Task brief: The answer must consist of the records below, repeated exactly.
Input records Start Marker
lemma mod_sum_sum_eq:
  fixes f :: "'a \<Rightarrow> 'b \<Rightarrow> nat"
  shows "(\<Sum>i\<in>A. \<Sum>j\<in>B. f i j mod m) mod m = (\<Sum>i\<in>A. \<Sum>j\<in>B. f i j) mod m"
proof -
  have "(\<Sum>i\<in>A. \<Sum>j\<in>B. f i j mod m) mod m = (\<Sum>i\<in>A. (\<Sum>j\<in>B. f i j mod m) mod m) mod m"
    by (rule mod_sum_eq[symmetric])
  also have "\<dots> = (\<Sum>i\<in>A. (\<Sum>j\<in>B. f i j) mod m) mod m"
    by (simp only: mod_sum_eq)
  also have "\<dots> = (\<Sum>i\<in>A. \<Sum>j\<in>B. f i j) mod m"
    by (rule mod_sum_eq)
  finally show ?thesis .
qed

lemma even_sum_sympl_count_iff:
  "(\<Sum>i\<in>A. \<Sum>j\<in>B. sympl_mat n (P i j) (Q i j) a b) mod 2 = 0
     \<longleftrightarrow> even (\<Sum>i\<in>A. \<Sum>j\<in>B. sympl_count n (P i j) (Q i j) a b)"
  using mod_sum_sum_eq[where f="\<lambda>i j. sympl_count n (P i j) (Q i j) a b" and m=2]
  by (simp add: sympl_mat_def sympl_count_def even_iff_mod_2_eq_zero)

definition sc2d_component :: "nat \<Rightarrow> nat \<Rightarrow> (nat \<Rightarrow> nat \<Rightarrow> nat \<Rightarrow> nat \<Rightarrow> pauli) \<Rightarrow> nat \<Rightarrow> nat \<Rightarrow> nat \<Rightarrow> nat \<Rightarrow> pauli" where
  "sc2d_component m1 m2 Hc i j = (if i \<le> m1 \<and> j \<le> m2 then Hc i j else (\<lambda>_ _. PI))"

lemma sympl_count_sc2d_component_outside:
  "m1 < i \<or> m2 < j \<or> m1 < i' \<or> m2 < j' \<Longrightarrow>
     sympl_count n (sc2d_component m1 m2 Hc i j) (sc2d_component m1 m2 Hc i' j') a b = 0"
  by (auto simp: sympl_count_def sc2d_component_def sympl_def)

lemma even_shift_sum_sc2d_component:
  assumes "d1 \<le> m1 \<Longrightarrow> d2 \<le> m2 \<Longrightarrow>
      (\<Sum>i\<le>m1 - d1. \<Sum>j\<le>m2 - d2. sympl_mat n (Hc i j) (Hc (i + d1) (j + d2)) a b) mod 2 = 0"
  shows "even (\<Sum>i\<le>m1 - d1. \<Sum>j\<le>m2 - d2.
      sympl_count n (sc2d_component m1 m2 Hc i j) (sc2d_component m1 m2 Hc (i + d1) (j + d2)) a b)"
proof (cases "d1 \<le> m1 \<and> d2 \<le> m2")
  case True
  then have "(\<Sum>i\<le>m1 - d1. \<Sum>j\<le>m2 - d2.
        sympl_count n (sc2d_component m1 m2 Hc i j) (sc2d_component m1 m2 Hc (i + d1) (j + d2)) a b)
      = (\<Sum>i\<le>m1 - d1. \<Sum>j\<le>m2 - d2. sympl_count n (Hc i j) (Hc (i + d1) (j + d2)) a b)"
    by (intro sum.cong) (auto simp: sc2d_component_def)
  with True show ?thesis
    using assms by (simp flip: even_sum_sympl_count_iff)
next
  case False
  then show ?thesis
    by (subst sum.neutral) (auto intro!: sum.neutral sympl_count_sc2d_component_outside)
qed

lemma even_cross_shift_sum_sc2d_component:
  assumes "d1 \<le> m1 \<Longrightarrow> d2 \<le> m2 \<Longrightarrow>
      (\<Sum>i\<le>m1 - d1. \<Sum>j\<le>m2 - d2. sympl_mat n (Hc (i + d1) j) (Hc i (j + d2)) a b) mod 2 = 0"
  shows "even (\<Sum>i\<le>m1 - d1. \<Sum>j\<le>m2 - d2.
      sympl_count n (sc2d_component m1 m2 Hc (i + d1) j) (sc2d_component m1 m2 Hc i (j + d2)) a b)"
proof (cases "d1 \<le> m1 \<and> d2 \<le> m2")
  case True
  then have "(\<Sum>i\<le>m1 - d1. \<Sum>j\<le>m2 - d2.
        sympl_count n (sc2d_component m1 m2 Hc (i + d1) j) (sc2d_component m1 m2 Hc i (j + d2)) a b)
      = (\<Sum>i\<le>m1 - d1. \<Sum>j\<le>m2 - d2. sympl_count n (Hc (i + d1) j) (Hc i (j + d2)) a b)"
    by (intro sum.cong) (auto simp: sc2d_component_def)
  with True show ?thesis
    using assms by (simp flip: even_sum_sympl_count_iff)
next
  case False
  then show ?thesis
    by (subst sum.neutral) (auto intro!: sum.neutral sympl_count_sc2d_component_outside)
qed

lemma mod_eq_cyclic_diff_iff:
  "i < L \<Longrightarrow> int i mod int L = (int x - int y) mod int L \<longleftrightarrow> i = cyclic_diff L x y"
  by (auto simp: cyclic_diff_def)

lemma sc2d_block_eq_sc2d_component:
  assumes "m1 < L1" "m2 < L2"
  shows "sc2d_block m1 m2 L1 L2 r n Hc a b c d t k
       = sc2d_component m1 m2 Hc (cyclic_diff L1 a c) (cyclic_diff L2 b d) t k"
proof -
  have "int i mod int L1 = (int a - int c) mod int L1 \<longleftrightarrow> i = cyclic_diff L1 a c" if "i \<le> m1" for i
    using that assms by (intro mod_eq_cyclic_diff_iff) simp
  moreover have "int j mod int L2 = (int b - int d) mod int L2 \<longleftrightarrow> j = cyclic_diff L2 b d" if "j \<le> m2" for j
    using that assms by (intro mod_eq_cyclic_diff_iff) simp
  ultimately have "(\<exists>i\<le>m1. \<exists>j\<le>m2. int i mod int L1 = (int a - int c) mod int L1
                       \<and> int j mod int L2 = (int b - int d) mod int L2)
      \<longleftrightarrow> cyclic_diff L1 a c \<le> m1 \<and> cyclic_diff L2 b d \<le> m2"
    by blast
  then show ?thesis
    by (simp add: sc2d_block_def sc2d_component_def Let_def flip: cyclic_diff_def)
qed

lemma sc2d_H_column:
  assumes "m1 < L1" "m2 < L2" "d < L2" "k < n"
  shows "sc2d_H m1 m2 L1 L2 r n Hc R ((c * L2 + d) * n + k)
       = sc2d_component m1 m2 Hc (cyclic_diff L1 (R div r div L2) c) (cyclic_diff L2 (R div r mod L2) d) (R mod r) k"
  using assms by (simp add: sc2d_H_def Let_def sc2d_block_eq_sc2d_component)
Input records End Marker
Solved problem:
lemma mod_sum_sum_eq:
  fixes f :: "'a \<Rightarrow> 'b \<Rightarrow> nat"
  shows "(\<Sum>i\<in>A. \<Sum>j\<in>B. f i j mod m) mod m = (\<Sum>i\<in>A. \<Sum>j\<in>B. f i j) mod m"
proof -
  have "(\<Sum>i\<in>A. \<Sum>j\<in>B. f i j mod m) mod m = (\<Sum>i\<in>A. (\<Sum>j\<in>B. f i j mod m) mod m) mod m"
    by (rule mod_sum_eq[symmetric])
  also have "\<dots> = (\<Sum>i\<in>A. (\<Sum>j\<in>B. f i j) mod m) mod m"
    by (simp only: mod_sum_eq)
  also have "\<dots> = (\<Sum>i\<in>A. \<Sum>j\<in>B. f i j) mod m"
    by (rule mod_sum_eq)
  finally show ?thesis .
qed

lemma even_sum_sympl_count_iff:
  "(\<Sum>i\<in>A. \<Sum>j\<in>B. sympl_mat n (P i j) (Q i j) a b) mod 2 = 0
     \<longleftrightarrow> even (\<Sum>i\<in>A. \<Sum>j\<in>B. sympl_count n (P i j) (Q i j) a b)"
  using mod_sum_sum_eq[where f="\<lambda>i j. sympl_count n (P i j) (Q i j) a b" and m=2]
  by (simp add: sympl_mat_def sympl_count_def even_iff_mod_2_eq_zero)

definition sc2d_component :: "nat \<Rightarrow> nat \<Rightarrow> (nat \<Rightarrow> nat \<Rightarrow> nat \<Rightarrow> nat \<Rightarrow> pauli) \<Rightarrow> nat \<Rightarrow> nat \<Rightarrow> nat \<Rightarrow> nat \<Rightarrow> pauli" where
  "sc2d_component m1 m2 Hc i j = (if i \<le> m1 \<and> j \<le> m2 then Hc i j else (\<lambda>_ _. PI))"

lemma sympl_count_sc2d_component_outside:
  "m1 < i \<or> m2 < j \<or> m1 < i' \<or> m2 < j' \<Longrightarrow>
     sympl_count n (sc2d_component m1 m2 Hc i j) (sc2d_component m1 m2 Hc i' j') a b = 0"
  by (auto simp: sympl_count_def sc2d_component_def sympl_def)

lemma even_shift_sum_sc2d_component:
  assumes "d1 \<le> m1 \<Longrightarrow> d2 \<le> m2 \<Longrightarrow>
      (\<Sum>i\<le>m1 - d1. \<Sum>j\<le>m2 - d2. sympl_mat n (Hc i j) (Hc (i + d1) (j + d2)) a b) mod 2 = 0"
  shows "even (\<Sum>i\<le>m1 - d1. \<Sum>j\<le>m2 - d2.
      sympl_count n (sc2d_component m1 m2 Hc i j) (sc2d_component m1 m2 Hc (i + d1) (j + d2)) a b)"
proof (cases "d1 \<le> m1 \<and> d2 \<le> m2")
  case True
  then have "(\<Sum>i\<le>m1 - d1. \<Sum>j\<le>m2 - d2.
        sympl_count n (sc2d_component m1 m2 Hc i j) (sc2d_component m1 m2 Hc (i + d1) (j + d2)) a b)
      = (\<Sum>i\<le>m1 - d1. \<Sum>j\<le>m2 - d2. sympl_count n (Hc i j) (Hc (i + d1) (j + d2)) a b)"
    by (intro sum.cong) (auto simp: sc2d_component_def)
  with True show ?thesis
    using assms by (simp flip: even_sum_sympl_count_iff)
next
  case False
  then show ?thesis
    by (subst sum.neutral) (auto intro!: sum.neutral sympl_count_sc2d_component_outside)
qed

lemma even_cross_shift_sum_sc2d_component:
  assumes "d1 \<le> m1 \<Longrightarrow> d2 \<le> m2 \<Longrightarrow>
      (\<Sum>i\<le>m1 - d1. \<Sum>j\<le>m2 - d2. sympl_mat n (Hc (i + d1) j) (Hc i (j + d2)) a b) mod 2 = 0"
  shows "even (\<Sum>i\<le>m1 - d1. \<Sum>j\<le>m2 - d2.
      sympl_count n (sc2d_component m1 m2 Hc (i + d1) j) (sc2d_component m1 m2 Hc i (j + d2)) a b)"
proof (cases "d1 \<le> m1 \<and> d2 \<le> m2")
  case True
  then have "(\<Sum>i\<le>m1 - d1. \<Sum>j\<le>m2 - d2.
        sympl_count n (sc2d_component m1 m2 Hc (i + d1) j) (sc2d_component m1 m2 Hc i (j + d2)) a b)
      = (\<Sum>i\<le>m1 - d1. \<Sum>j\<le>m2 - d2. sympl_count n (Hc (i + d1) j) (Hc i (j + d2)) a b)"
    by (intro sum.cong) (auto simp: sc2d_component_def)
  with True show ?thesis
    using assms by (simp flip: even_sum_sympl_count_iff)
next
  case False
  then show ?thesis
    by (subst sum.neutral) (auto intro!: sum.neutral sympl_count_sc2d_component_outside)
qed

lemma mod_eq_cyclic_diff_iff:
  "i < L \<Longrightarrow> int i mod int L = (int x - int y) mod int L \<longleftrightarrow> i = cyclic_diff L x y"
  by (auto simp: cyclic_diff_def)

lemma sc2d_block_eq_sc2d_component:
  assumes "m1 < L1" "m2 < L2"
  shows "sc2d_block m1 m2 L1 L2 r n Hc a b c d t k
       = sc2d_component m1 m2 Hc (cyclic_diff L1 a c) (cyclic_diff L2 b d) t k"
proof -
  have "int i mod int L1 = (int a - int c) mod int L1 \<longleftrightarrow> i = cyclic_diff L1 a c" if "i \<le> m1" for i
    using that assms by (intro mod_eq_cyclic_diff_iff) simp
  moreover have "int j mod int L2 = (int b - int d) mod int L2 \<longleftrightarrow> j = cyclic_diff L2 b d" if "j \<le> m2" for j
    using that assms by (intro mod_eq_cyclic_diff_iff) simp
  ultimately have "(\<exists>i\<le>m1. \<exists>j\<le>m2. int i mod int L1 = (int a - int c) mod int L1
                       \<and> int j mod int L2 = (int b - int d) mod int L2)
      \<longleftrightarrow> cyclic_diff L1 a c \<le> m1 \<and> cyclic_diff L2 b d \<le> m2"
    by blast
  then show ?thesis
    by (simp add: sc2d_block_def sc2d_component_def Let_def flip: cyclic_diff_def)
qed

lemma sc2d_H_column:
  assumes "m1 < L1" "m2 < L2" "d < L2" "k < n"
  shows "sc2d_H m1 m2 L1 L2 r n Hc R ((c * L2 + d) * n + k)
       = sc2d_component m1 m2 Hc (cyclic_diff L1 (R div r div L2) c) (cyclic_diff L2 (R div r mod L2) d) (R mod r) k"
  using assms by (simp add: sc2d_H_def Let_def sc2d_block_eq_sc2d_component)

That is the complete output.